→ **WHAT YOU WILL DO**:
Reproduce exactly, with no other output, every line of the data below from the line containing "are nonzero.) *)" to the end, inclusive.

→ **Dataset items**:
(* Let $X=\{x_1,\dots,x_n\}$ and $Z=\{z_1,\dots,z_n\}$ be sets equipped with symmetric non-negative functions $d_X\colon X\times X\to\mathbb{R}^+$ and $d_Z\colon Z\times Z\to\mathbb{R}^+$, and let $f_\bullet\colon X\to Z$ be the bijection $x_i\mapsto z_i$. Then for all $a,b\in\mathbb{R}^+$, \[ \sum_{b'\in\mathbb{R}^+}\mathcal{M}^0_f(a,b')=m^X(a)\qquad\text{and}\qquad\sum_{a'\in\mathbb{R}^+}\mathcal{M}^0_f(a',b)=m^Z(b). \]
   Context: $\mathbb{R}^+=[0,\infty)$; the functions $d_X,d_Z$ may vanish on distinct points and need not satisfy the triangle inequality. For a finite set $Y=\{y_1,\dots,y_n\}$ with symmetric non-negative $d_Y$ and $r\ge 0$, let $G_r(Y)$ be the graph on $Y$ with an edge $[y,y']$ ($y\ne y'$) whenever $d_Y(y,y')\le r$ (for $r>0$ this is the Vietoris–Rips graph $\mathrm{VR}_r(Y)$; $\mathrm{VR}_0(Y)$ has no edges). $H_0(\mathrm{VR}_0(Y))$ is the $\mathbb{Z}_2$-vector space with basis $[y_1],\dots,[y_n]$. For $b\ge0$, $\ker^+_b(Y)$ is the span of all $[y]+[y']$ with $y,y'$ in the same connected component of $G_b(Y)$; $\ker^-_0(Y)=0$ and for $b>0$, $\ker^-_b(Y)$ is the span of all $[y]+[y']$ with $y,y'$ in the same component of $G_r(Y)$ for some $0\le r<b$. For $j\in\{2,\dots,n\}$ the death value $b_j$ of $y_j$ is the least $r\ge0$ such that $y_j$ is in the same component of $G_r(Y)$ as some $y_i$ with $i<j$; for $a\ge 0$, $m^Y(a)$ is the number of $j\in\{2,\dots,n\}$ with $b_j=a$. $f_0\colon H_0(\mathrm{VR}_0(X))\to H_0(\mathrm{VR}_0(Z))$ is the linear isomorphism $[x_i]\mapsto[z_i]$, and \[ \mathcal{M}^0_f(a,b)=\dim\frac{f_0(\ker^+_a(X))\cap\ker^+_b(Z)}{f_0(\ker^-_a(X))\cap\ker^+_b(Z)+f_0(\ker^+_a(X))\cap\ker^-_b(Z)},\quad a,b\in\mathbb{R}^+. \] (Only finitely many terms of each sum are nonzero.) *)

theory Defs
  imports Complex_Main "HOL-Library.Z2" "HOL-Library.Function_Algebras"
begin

→ **WRITTEN RESPONSE**:
   Context: $\mathbb{R}^+=[0,\infty)$; the functions $d_X,d_Z$ may vanish on distinct points and need not satisfy the triangle inequality. For a finite set $Y=\{y_1,\dots,y_n\}$ with symmetric non-negative $d_Y$ and $r\ge 0$, let $G_r(Y)$ be the graph on $Y$ with an edge $[y,y']$ ($y\ne y'$) whenever $d_Y(y,y')\le r$ (for $r>0$ this is the Vietoris–Rips graph $\mathrm{VR}_r(Y)$; $\mathrm{VR}_0(Y)$ has no edges). $H_0(\mathrm{VR}_0(Y))$ is the $\mathbb{Z}_2$-vector space with basis $[y_1],\dots,[y_n]$. For $b\ge0$, $\ker^+_b(Y)$ is the span of all $[y]+[y']$ with $y,y'$ in the same connected component of $G_b(Y)$; $\ker^-_0(Y)=0$ and for $b>0$, $\ker^-_b(Y)$ is the span of all $[y]+[y']$ with $y,y'$ in the same component of $G_r(Y)$ for some $0\le r<b$. For $j\in\{2,\dots,n\}$ the death value $b_j$ of $y_j$ is the least $r\ge0$ such that $y_j$ is in the same component of $G_r(Y)$ as some $y_i$ with $i<j$; for $a\ge 0$, $m^Y(a)$ is the number of $j\in\{2,\dots,n\}$ with $b_j=a$. $f_0\colon H_0(\mathrm{VR}_0(X))\to H_0(\mathrm{VR}_0(Z))$ is the linear isomorphism $[x_i]\mapsto[z_i]$, and \[ \mathcal{M}^0_f(a,b)=\dim\frac{f_0(\ker^+_a(X))\cap\ker^+_b(Z)}{f_0(\ker^-_a(X))\cap\ker^+_b(Z)+f_0(\ker^+_a(X))\cap\ker^-_b(Z)},\quad a,b\in\mathbb{R}^+. \] (Only finitely many terms of each sum are nonzero.) *)

theory Defs
  imports Complex_Main "HOL-Library.Z2" "HOL-Library.Function_Algebras"
begin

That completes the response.